- [About this exercise]
Tally up every line in the records beneath that has "simp", and write down only the total.

Data records
________________________
text \<open>Write the function \<open>F\<close> of \<open>B X\<close> given by \<open>transform X B\<close> as a transform
  \<open>D \<mapsto> \<Sum>\<^sub>c b c \<psi> (tr (D c))\<close> on \<open>m \<times> m\<close> matrices; then \<open>E\<close> and the kernel \<open>\<Sum>\<^sub>c b c [- c]\<close>
  of right multiplication have the same transforms, so they agree.\<close>

lemma ex_right_action_kernel:
  "\<exists>b. \<forall>X\<in>mats n m. \<forall>Y\<in>mats n m. E Y X = (\<Sum>c\<in>{c \<in> mats m m. mmul m X c = Y}. b c)"
proof -
  obtain F where F: "\<And>B X. B \<in> mats m n \<Longrightarrow> X \<in> mats n m \<Longrightarrow> transform X B = F (mmul n B X)"
    using ex_transform_factorization by blast
  obtain b where b: "\<And>D. D \<in> mats m m \<Longrightarrow> (\<Sum>c\<in>mats m m. b c * \<psi> (mtrace m (mmul m D c))) = F D"
    using fourier_surjective by blast
  have "E Y X = (\<Sum>c\<in>{c \<in> mats m m. mmul m X c = Y}. b c)" if X: "X \<in> mats n m" and Y: "Y \<in> mats n m" for X Y
  proof -
    have "(\<Sum>c\<in>{c \<in> mats m m. mmul m X c = Y}. b c) - E Y X = 0"
    proof (rule fourier_injective[OF _ Y])
      fix B :: "'f fmat"
      assume B: "B \<in> mats m n"
      have "(\<Sum>Y\<in>mats n m. (\<Sum>c\<in>{c \<in> mats m m. mmul m X c = Y}. b c) * \<psi> (mtrace m (mmul n B Y))) =
          (\<Sum>c\<in>mats m m. b c * \<psi> (mtrace m (mmul m (mmul n B X) c)))"
        using X by (subst sum_fibres_mult) (auto simp: finite_mats mmul_in_mats mmul_assoc)
      also have "\<dots> = transform X B"
        using b F B X by (simp add: mmul_in_mats)
      finally show "(\<Sum>Y\<in>mats n m. ((\<Sum>c\<in>{c \<in> mats m m. mmul m X c = Y}. b c) - E Y X) *
          \<psi> (mtrace m (mmul n B Y))) = 0"
        by (simp add: transform_def left_diff_distrib sum_subtractf)
    qed
    then show ?thesis
      by simp
  qed
  then show ?thesis
    by blast
qed

end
________________________
- [Worked solution]
4